■ **THE DATA**
theorem proposition5:
  fixes M :: "'x measure"
    and P :: "nat \<Rightarrow> 'x \<Rightarrow> 'a::finite \<Rightarrow> 'x \<Rightarrow> real"
    and pol piD :: "nat \<Rightarrow> 'x \<Rightarrow> 'a \<Rightarrow> real"
    and d0 :: "'x \<Rightarrow> real"
    and dD :: "nat \<Rightarrow> 'x \<Rightarrow> real"
    and Ca Cx Cx' :: "nat \<Rightarrow> real"
    and H h :: nat
  assumes M: "sigma_finite_measure M"
    and P_meas: "\<And>h a. h < H \<Longrightarrow> (\<lambda>(x, x'). P h x a x') \<in> borel_measurable (M \<Otimes>\<^sub>M M)"
    and P_nonneg: "\<And>h x a x'. h < H \<Longrightarrow> x \<in> space M \<Longrightarrow> x' \<in> space M \<Longrightarrow> 0 \<le> P h x a x'"
    and P_int: "\<And>h x a. h < H \<Longrightarrow> x \<in> space M \<Longrightarrow> integrable M (P h x a)"
    and P_one: "\<And>h x a. h < H \<Longrightarrow> x \<in> space M \<Longrightarrow> (\<integral>x'. P h x a x' \<partial>M) = 1"
    and pi_meas: "\<And>h a. h < H \<Longrightarrow> (\<lambda>x. pol h x a) \<in> borel_measurable M"
    and pi_nonneg: "\<And>h x a. h < H \<Longrightarrow> x \<in> space M \<Longrightarrow> 0 \<le> pol h x a"
    and pi_sum: "\<And>h x. h < H \<Longrightarrow> x \<in> space M \<Longrightarrow> (\<Sum>a\<in>UNIV. pol h x a) = 1"
    and piD_meas: "\<And>h a. h < H \<Longrightarrow> (\<lambda>x. piD h x a) \<in> borel_measurable M"
    and piD_nonneg: "\<And>h x a. h < H \<Longrightarrow> x \<in> space M \<Longrightarrow> 0 \<le> piD h x a"
    and piD_sum: "\<And>h x. h < H \<Longrightarrow> x \<in> space M \<Longrightarrow> (\<Sum>a\<in>UNIV. piD h x a) = 1"
    and d0_meas: "d0 \<in> borel_measurable M"
    and d0_nonneg: "\<And>x. x \<in> space M \<Longrightarrow> 0 \<le> d0 x"
    and d0_int: "integrable M d0"
    and d0_one: "(\<integral>x. d0 x \<partial>M) = 1"
    and dD_meas: "\<And>h. h < H \<Longrightarrow> dD h \<in> borel_measurable M"
    and dD_nonneg: "\<And>h x. h < H \<Longrightarrow> x \<in> space M \<Longrightarrow> 0 \<le> dD h x"
    and dD_int: "\<And>h. h < H \<Longrightarrow> integrable M (dD h)"
    and dD_one: "\<And>h. h < H \<Longrightarrow> (\<integral>x. dD h x \<partial>M) = 1"
    and Ca_nonneg: "\<And>h. 0 \<le> Ca h"
    and Cx_nonneg: "\<And>h. 0 \<le> Cx h"
    and Cx'_nonneg: "\<And>h. 0 \<le> Cx' h"
    and h: "h < H"
  shows "((\<forall>h'<h. Cx h' \<le> Cx' h') \<longrightarrow>
            (AE x in M. dbar M P (pseudo_policy pol piD Ca) d0 dD Cx h x
                        \<le> dbar M P (pseudo_policy pol piD Ca) d0 dD Cx' h x))
       \<and> ((\<forall>h'<h. Cx h' \<ge> Cx' h') \<longrightarrow>
            (AE x in M. dbar M P (pseudo_policy pol piD Ca) d0 dD Cx h x
                        \<ge> dbar M P (pseudo_policy pol piD Ca) d0 dD Cx' h x))
       \<and> l1norm M (\<lambda>x. dbar M P (pseudo_policy pol piD Ca) d0 dD Cx' h x
                       - dbar M P (pseudo_policy pol piD Ca) d0 dD Cx h x)
           \<le> (\<Sum>h'<h. \<bar>Cx' h' - Cx h'\<bar>)
       \<and> \<bar>l1norm M (\<lambda>x. dpi M P pol d0 h x - dbar M P (pseudo_policy pol piD Ca) d0 dD Cx' h x)
          - l1norm M (\<lambda>x. dpi M P pol d0 h x - dbar M P (pseudo_policy pol piD Ca) d0 dD Cx h x)\<bar>
           \<le> (\<Sum>h'<h. \<bar>Cx' h' - Cx h'\<bar>)"
proof -
  let ?pibar = "pseudo_policy pol piD Ca"
  have pol_step: "substochastic_step M (P k) (pol k)" if "k < H" for k
  proof (intro substochastic_step.intro substochastic_step_axioms.intro)
    show "sigma_finite_measure M" by (rule M)
  qed (use that P_meas P_nonneg P_int P_one pi_meas pi_nonneg pi_sum in auto)
  have pibar_step: "substochastic_step M (P k) (?pibar k)" if "k < H" for k
    using that pol_step piD_meas piD_nonneg Ca_nonneg by (intro substochastic_step_pseudo_policy)
  interpret clipped_density_recursion M P ?pibar d0 dD H
    by (intro clipped_density_recursion.intro) (use pibar_step d0_int dD_int dD_nonneg dD_one in auto)
  have "h \<le> H" using h by simp
  have "integrable M (dpi M P pol d0 h)"
    using h pol_step d0_int by (intro integrable_dpi) auto
  from l1norm_reverse_triangle[OF this integrable_dbar[OF \<open>h \<le> H\<close>] integrable_dbar[OF \<open>h \<le> H\<close>]]
  show ?thesis
    using dbar_mono_AE[OF \<open>h \<le> H\<close>] l1norm_dbar_diff_le[OF \<open>h \<le> H\<close>]
    by (blast intro: order_trans)
qed

end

■ **TASK**
Go over the records above line by line and count those holding the word "integral". Reply only with the number.

■ **ANSWER FOR THIS EXERCISE**
3